lemma annotation_within_eval_abs:
  assumes "derives D s t" "wf_dsl D" "P \<subseteq> univ D" "annotation_within D t c J P"
  shows "J [] \<subseteq> eval_abs D t c P"
  using assms
proof (induction arbitrary: J rule: derives.induct)
  case (leaf s u)
  then have "annotation_at D (Leaf s u) c J P []"
    by (simp add: annotation_within_def)
  then show ?case
    by (simp add: annotation_at_def alpha_greatest)
next
  case (node s f ts)
  let ?ss = "map root_sym ts"
  let ?A = "map (\<lambda>t. eval_abs D t c P) ts"
  let ?B = "map (\<lambda>i. J [i]) [0..<length ts]"
  have children: "J [i] \<subseteq> eval_abs D (ts ! i) c P" if "i < length ts" for i
  proof -
    have "ts ! i \<in> set ts" using that by simp
    then show ?thesis
      using node.IH node.prems(1,2) annotation_within_child[OF node.prems(3) that] by blast
  qed
  have child_absval: "absval D (root_sym (ts ! i)) (J [i])" if "i < length ts" for i
  proof -
    have "[i] \<in> positions (Node s f ts)"
      using that positions_Nil[of "ts ! i"] by force
    with node.prems(3) have "annotation_at D (Node s f ts) c J P [i]"
      unfolding annotation_within_def by blast
    then show ?thesis by (simp add: annotation_at_def)
  qed
  have "sqle D (absT D s f ?ss ?A) (absT D s f ?ss ?B)"
    using node.prems(1,2) node.hyps(1) absval_eval_abs[of P D] child_absval
    by (intro wf_dsl_absT_mono) (simp_all add: sqle_superset children)
  moreover have "annotation_at D (Node s f ts) c J P []"
    using node.prems(3) by (simp add: annotation_within_def)
  ultimately have "absval D s (J [])" "J [] \<subseteq> P"
    and "gamma D (absT D s f ?ss ?A) \<subseteq> gamma D (J [])"
    by (auto simp: annotation_at_def sqle_def)
  then show ?case
    by (simp add: alpha_greatest)
qed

########

• **Problem requirements**:
Only the lines that hold the word "length" are wanted; each should be pulled from the records.

• **Result for this exercise**:
  let ?B = "map (\<lambda>i. J [i]) [0..<length ts]"
  have children: "J [i] \<subseteq> eval_abs D (ts ! i) c P" if "i < length ts" for i
  have child_absval: "absval D (root_sym (ts ! i)) (J [i])" if "i < length ts" for i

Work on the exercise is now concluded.